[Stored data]
^^^^^^^^

(* With the conventions $g(0)=h(0)=g_1(0)=h_1(0)=0$, for all $M\geq 2$: $$g(M)=g(M-1)+g(M-2)+F_{M-1},\qquad h(M)=h(M-1)+h(M-2)+F_{M-2},$$ $$g_1(M)=g_1(M-1)+g_1(M-2)+F_{M-1},\qquad h_1(M)=h_1(M-1)+h_1(M-2)+F_{M-1}.$$
   Context: $F_k$ denotes the Fibonacci numbers with $F_{-1}=1$, $F_0=0$, $F_1=1$, $F_k=F_{k-1}+F_{k-2}$. The perimeter of a nonempty partition $\lambda$ with largest part $\lambda_1$ and $\ell(\lambda)$ parts is $\lambda_1+\ell(\lambda)-1$. $\mathcal G(M)$ is the set of partitions into odd parts with perimeter $M$, $\mathcal H(M)$ the set of partitions into distinct parts with perimeter $M$; $g(M)$ (resp. $h(M)$) is the total number of parts, summed over all partitions in $\mathcal G(M)$ (resp. $\mathcal H(M)$). $\mathcal G_1(M)$ is the set of partitions with perimeter $M$ in which exactly one distinct even integer occurs as a part (possibly with multiplicity greater than one) and all other parts are odd; $\mathcal H_1(M)$ is the set of partitions with perimeter $M$ in which exactly one part value occurs at least twice and every other part value occurs exactly once. $g_1(M)=|\mathcal G_1(M)|$, $h_1(M)=|\mathcal H_1(M)|$. *)

theory Defs
  imports Main "HOL-Library.Multiset" "HOL-Number_Theory.Fib"
begin

definition perimeter :: "nat multiset \<Rightarrow> nat" where
  "perimeter p = Max (set_mset p) + size p - 1"

definition is_partition :: "nat multiset \<Rightarrow> bool" where
  "is_partition p \<longleftrightarrow> (\<forall>x\<in>#p. 0 < x)"

definition GG :: "nat \<Rightarrow> nat multiset set" where
  "GG M = {p. p \<noteq> {#} \<and> is_partition p \<and> (\<forall>x\<in>#p. odd x) \<and> perimeter p = M}"

definition HH :: "nat \<Rightarrow> nat multiset set" where
  "HH M = {p. p \<noteq> {#} \<and> is_partition p \<and> (\<forall>x. count p x \<le> 1) \<and> perimeter p = M}"

definition GG1 :: "nat \<Rightarrow> nat multiset set" where
  "GG1 M = {p. p \<noteq> {#} \<and> is_partition p \<and> card {x \<in> set_mset p. even x} = 1 \<and> perimeter p = M}"

definition HH1 :: "nat \<Rightarrow> nat multiset set" where
  "HH1 M = {p. p \<noteq> {#} \<and> is_partition p \<and> card {x \<in> set_mset p. 2 \<le> count p x} = 1 \<and> perimeter p = M}"

definition g :: "nat \<Rightarrow> nat" where "g M = (\<Sum>p\<in>GG M. size p)"
definition h :: "nat \<Rightarrow> nat" where "h M = (\<Sum>p\<in>HH M. size p)"
definition g1 :: "nat \<Rightarrow> nat" where "g1 M = card (GG1 M)"
definition h1 :: "nat \<Rightarrow> nat" where "h1 M = card (HH1 M)"

end

theory Submission
  imports Defs
begin

(* Write a partition as add_mset a r with a its largest part. Three reversible moves on the largest
   part shift the perimeter by a fixed amount: duplicating a (by 1), raising a simple largest part
   by k (by k), and putting a new part a + 1 on top (by 2). Splitting a family of perimeter n + 2
   according to whether its largest part is repeated, and where needed by its parity or by whether
   a - 1 occurs, makes every piece the image of a family of perimeter n + 1 or n under one move.
   The Fibonacci terms are the pieces coming from G and H themselves, whose sizes satisfy the
   Fibonacci recurrence by the same moves. *)

lemma card_filter_split:
  "finite S \<Longrightarrow> card S = card {x \<in> S. P x} + card {x \<in> S. \<not> P x}"
  using card_Int_Diff[of S "Collect P"] by (simp add: Int_def set_diff_eq)

lemma sum_filter_split:
  "finite S \<Longrightarrow> sum f S = sum f {x \<in> S. P x} + sum f {x \<in> S. \<not> P x}"
  using sum.Int_Diff[of S f "Collect P"] by (simp add: Int_def set_diff_eq)

definition max_part :: "nat multiset \<Rightarrow> nat" where
  "max_part p = Max (set_mset p)"

definition drop_max :: "nat multiset \<Rightarrow> nat multiset" where
  "drop_max p = p - {#max_part p#}"

lemma max_part_in: "p \<noteq> {#} \<Longrightarrow> max_part p \<in># p"
  unfolding max_part_def by simp

lemma le_max_part: "x \<in># p \<Longrightarrow> x \<le> max_part p"
  unfolding max_part_def by simp

lemma max_part_eqI: "b \<in># p \<Longrightarrow> \<forall>x\<in>#p. x \<le> b \<Longrightarrow> max_part p = b"
  unfolding max_part_def by (intro Max_eqI) auto

lemma max_part_add_mset [simp]: "\<forall>x\<in>#r. x \<le> a \<Longrightarrow> max_part (add_mset a r) = a"
  by (rule max_part_eqI) auto

lemma drop_max_add_mset [simp]: "\<forall>x\<in>#r. x \<le> a \<Longrightarrow> drop_max (add_mset a r) = r"
  by (simp add: drop_max_def)

lemma max_part_decomp:
  fixes p :: "nat multiset"
  assumes "p \<noteq> {#}"
  obtains a r where "p = add_mset a r" and "\<forall>x\<in>#r. x \<le> a"
proof
  show "p = add_mset (max_part p) (drop_max p)"
    using max_part_in[OF assms] by (simp add: drop_max_def)
  show "\<forall>x\<in>#drop_max p. x \<le> max_part p"
    by (auto simp: drop_max_def le_max_part dest: in_diffD)
qed

lemma all_le_pred_if_notin:
  fixes b :: nat
  assumes "\<forall>x\<in>#r. x \<le> b" and "b \<notin># r"
  shows "\<forall>x\<in>#r. x \<le> b - 1"
proof
  fix x assume "x \<in># r"
  with assms have "x \<le> b" "x \<noteq> b" by auto
  then show "x \<le> b - 1" by linarith
qed
lemma AE_common_mem_if_ac_directed:
  fixes K :: "'a::topological_space \<Rightarrow> 'b::first_countable_topology set"
  assumes S: "S \<subseteq> borel_probs" "ac_directed S" "S \<noteq> {}"
    and closed: "\<And>\<omega>. closed (K \<omega>)" and "compact C"
    and ex: "\<And>R. R \<in> S \<Longrightarrow> \<exists>\<zeta>\<in>C. AE \<omega> in R. \<zeta> \<in> K \<omega>"
  shows "\<exists>\<zeta>\<in>C. \<forall>R\<in>S. AE \<omega> in R. \<zeta> \<in> K \<omega>"
proof -
  let ?W = "\<lambda>R. {\<zeta>. AE \<omega> in R. \<zeta> \<in> K \<omega>}"
  have "C \<inter> \<Inter>(?W ` S) \<noteq> {}"
  proof (rule compact_imp_fip[OF \<open>compact C\<close>])
    have "closed (?W R)" for R by (rule closed_AE_mem) (rule closed)
    thus "closed T" if "T \<in> ?W ` S" for T using that by blast
  next
    fix F assume F: "finite F" "F \<subseteq> ?W ` S"
    obtain S' where S': "S' \<subseteq> S" "finite S'" "F = ?W ` S'"
      using finite_subset_image[OF F] by blast
    obtain M where M: "M \<in> S" "\<forall>R\<in>S'. absolutely_continuous M R"
      using ac_directed_finite[OF S(2,3) S'(2,1)] by blast
    obtain \<zeta> where \<zeta>: "\<zeta> \<in> C" "AE \<omega> in M. \<zeta> \<in> K \<omega>" using ex[OF M(1)] by blast
    have "\<zeta> \<in> ?W R" if "R \<in> S'" for R
    proof -
      have "R \<in> borel_probs" "M \<in> borel_probs" using that S'(1) M(1) S(1) by auto
      hence "sets R = sets M" by (simp add: borel_probs_def)
      moreover have "absolutely_continuous M R" using M(2) that by blast
      ultimately show ?thesis using absolutely_continuous_AE[OF _ _ \<zeta>(2)] by simp
    qed
    hence "\<zeta> \<in> C \<inter> \<Inter>F" using \<zeta>(1) S'(3) by blast
    thus "C \<inter> \<Inter>F \<noteq> {}" by blast
  qed
  thus ?thesis by blast
qed

lemma qs_if_AE:
  assumes "\<P> \<subseteq> borel_probs" "\<And>P. P \<in> \<P> \<Longrightarrow> AE \<omega> in P. \<phi> \<omega>"
  shows "qs \<P> \<phi>"
  unfolding qs_def polar_def
proof
  fix P assume "P \<in> \<P>"
  then obtain N where N: "N \<in> null_sets P" "{\<omega> \<in> space P. \<not> \<phi> \<omega>} \<subseteq> N"
    using assms(2) by (auto simp: eventually_ae_filter)
  have "space P = UNIV"
    using sets_eq_imp_space_eq[of P borel] \<open>P \<in> \<P>\<close> assms(1) by (auto simp: borel_probs_def)
  thus "{\<omega>. \<not> \<phi> \<omega>} \<in> null_sets (completion P)"
    using N by (intro null_sets_completion_subset[OF _ null_sets_completionI]) auto
qed
lemma nonlocal_resolving_set_corona_base_verts:
  assumes conn: "connected_graph VG EG"
    and complete: "\<And>h h'. h \<in> VH \<Longrightarrow> h' \<in> VH \<Longrightarrow> h \<noteq> h' \<Longrightarrow> EH h h'"
  shows "nonlocal_resolving_set (corona_verts VG VH) (corona_edges VG EG VH EH) (Inl ` VG)"
  unfolding nonlocal_resolving_set_def
proof (intro conjI ballI impI)
  let ?C = "corona_verts VG VH" and ?F = "corona_edges VG EG VH EH"
  show "Inl ` VG \<subseteq> ?C" by (auto simp: corona_verts_def)
  have landmark: "resolves ?F (Inl ` VG) u v"
    if "u \<in> Inl ` VG" "v \<in> ?C" "u \<noteq> v" for u v
    using that connected_graph_gdist_pos[OF connected_graph_corona[OF conn], where a = v and b = u]
    unfolding resolves_def by (metis gdist_self less_irrefl subsetD \<open>Inl ` VG \<subseteq> ?C\<close>)
  fix u v assume u: "u \<in> ?C" and v: "v \<in> ?C" and uv: "u \<noteq> v \<and> \<not> ?F u v"
  show "resolves ?F (Inl ` VG) u v"
  proof (cases "u \<in> Inl ` VG \<or> v \<in> Inl ` VG")
    case True
    then show ?thesis using landmark u v uv resolves_commute by metis
  next
    case False
    then obtain g h g' h' where gh: "u = Inr (g, h)" "g \<in> VG" "h \<in> VH"
        and gh': "v = Inr (g', h')" "g' \<in> VG" "h' \<in> VH"
      using u v by (auto simp: corona_verts_def)
    have "g \<noteq> g'" using uv gh gh' complete by auto
    have "gdist ?F u (Inl g') = gdist EG g g' + 1"
      using gdist_corona_copy[OF conn gh(2,3), of "Inl g'"] gh gh' \<open>g \<noteq> g'\<close>
      by (simp add: corona_verts_def)
    moreover have "gdist ?F v (Inl g') = 1" using gh' by (intro gdist_adjacent) auto
    moreover have "0 < gdist EG g g'" using connected_graph_gdist_pos[OF conn gh(2) gh'(2) \<open>g \<noteq> g'\<close>] .
    ultimately show ?thesis unfolding resolves_def using gh'(2) by (intro bexI[of _ "Inl g'"]) auto
  qed
qed
text \<open>Every boundary class lies in the closure of iota_Q(M): a relative boundary point p of
  ran(alpha) is a limit of points of ran(alpha) within N_(alpha,U), and the composite
  N_(alpha,U) -> N_Q -> Q(M) is continuous and sends ran(alpha) into iota_Q(M).\<close>
lemma boundary_classes_subset_closure:
  assumes M: "smooth_manifold M A" and Q: "Q \<subseteq> extensions M A"
  shows "boundary_classes A Q \<subseteq> (QM A Q) closure_of (iotaQ A Q ` topspace M)"
proof -
  have "qmap A Q (e, p) \<in> (QM A Q) closure_of (iotaQ A Q ` topspace M)"
    if e: "e \<in> Q" and p: "p \<in> rel_bdry (snd e) (cran (fst e))" for e p
  proof -
    have eS: "e \<in> SQ A Q"
      using e unfolding SQ_def by blast
    let ?f = "\<lambda>x. qmap A Q (e, x)"
    have "continuous_map (top_of_set (Ncomp e)) (NQ A Q) (\<lambda>x. (e, x))"
      unfolding NQ_def using continuous_map_component_injection[OF eS] .
    then have "continuous_map (top_of_set (Ncomp e)) (QM A Q) ?f"
      using continuous_map_compose continuous_map_quotient_top[OF identR_equiv]
      unfolding QM_def qmap_def o_def by fastforce
    moreover have "p \<in> top_of_set (Ncomp e) closure_of cran (fst e)"
    proof -
      have "p \<in> frontier (cran (fst e))"
        using p rel_bdry_open SQ_component[OF M Q eS] by blast
      then show ?thesis
        using p by (simp add: closure_of_subtopology frontier_def Ncomp_def Int_absorb1)
    qed
    ultimately have "?f p \<in> (QM A Q) closure_of (?f ` cran (fst e))"
      using continuous_map_image_closure_subset by blast
    moreover have "?f ` cran (fst e) \<subseteq> iotaQ A Q ` topspace M"
    proof
      fix c assume "c \<in> ?f ` cran (fst e)"
      then obtain x where x: "x \<in> cran (fst e)" "c = ?f x" by blast
      then have "(e, x) \<in> chart_points A Q"
        using eS by (simp add: chart_points_def topspace_NQ Ncomp_def)
      then show "c \<in> iotaQ A Q ` topspace M"
        using qmap_chart_point[OF M Q] x(2) by blast
    qed
    ultimately show ?thesis
      using closure_of_mono by blast
  qed
  then show ?thesis
    unfolding boundary_classes_def by blast
qed

lemma rel_bdry_extension:
  assumes "(\<alpha>, U) \<in> extensions M A"
  shows "rel_bdry U (cran \<alpha>) = admissible_bdry M \<alpha> \<inter> U"
proof -
  have "open U" "rel_bdry U (cran \<alpha>) \<subseteq> admissible_bdry M \<alpha>"
    using assms unfolding extensions_def by auto
  moreover have "admissible_bdry M \<alpha> \<subseteq> frontier (cran \<alpha>)"
    unfolding admissible_bdry_def by auto
  ultimately show ?thesis
    using rel_bdry_open by blast
qed

theorem mainTheorem4:
  fixes M :: "'a topology" and A :: "('a,'n::finite) chart set" and Q :: "('a,'n) ext set"
  assumes "smooth_manifold M A"
    and "Q \<subseteq> extensions M A"
  shows "(QM A Q) frontier_of (iotaQ A Q ` topspace M)
           = (\<Union>e\<in>Q. qmap A Q ` ({e} \<times> rel_bdry (snd e) (cran (fst e))))
       \<and> (\<Union>e\<in>Q. qmap A Q ` ({e} \<times> rel_bdry (snd e) (cran (fst e))))
           = (\<Union>e\<in>Q. qmap A Q ` ({e} \<times> (admissible_bdry M (fst e) \<inter> snd e)))"
proof
  let ?S = "iotaQ A Q ` topspace M"
  have "(QM A Q) frontier_of ?S = (QM A Q) closure_of ?S - ?S"
    using frontier_of_openin[OF openin_iotaQ_image[OF assms]] .
  also have "\<dots> = boundary_classes A Q"
    using closure_of_subset_topspace[of "QM A Q" ?S] topspace_QM_subset[OF assms]
      boundary_classes_subset_closure[OF assms] boundary_classes_disjoint_iotaQ_image[OF assms]
    by blast
  finally show "(QM A Q) frontier_of ?S
      = (\<Union>e\<in>Q. qmap A Q ` ({e} \<times> rel_bdry (snd e) (cran (fst e))))"
    unfolding boundary_classes_def .
next
  have "rel_bdry (snd e) (cran (fst e)) = admissible_bdry M (fst e) \<inter> snd e" if "e \<in> Q" for e
    using rel_bdry_extension[of "fst e" "snd e"] that assms(2) by auto
  then show "(\<Union>e\<in>Q. qmap A Q ` ({e} \<times> rel_bdry (snd e) (cran (fst e))))
      = (\<Union>e\<in>Q. qmap A Q ` ({e} \<times> (admissible_bdry M (fst e) \<inter> snd e)))"
    by simp
qed
end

^^^^^^^^

== What to produce ==
In the data above, retype exactly and only the lines between the one holding "S \<Longrightarrow> card" and the one holding "S \<Longrightarrow> sum", inclusive.

== Answer to the problem ==
  "finite S \<Longrightarrow> card S = card {x \<in> S. P x} + card {x \<in> S. \<not> P x}"
  using card_Int_Diff[of S "Collect P"] by (simp add: Int_def set_diff_eq)

lemma sum_filter_split:
  "finite S \<Longrightarrow> sum f S = sum f {x \<in> S. P x} + sum f {x \<in> S. \<not> P x}"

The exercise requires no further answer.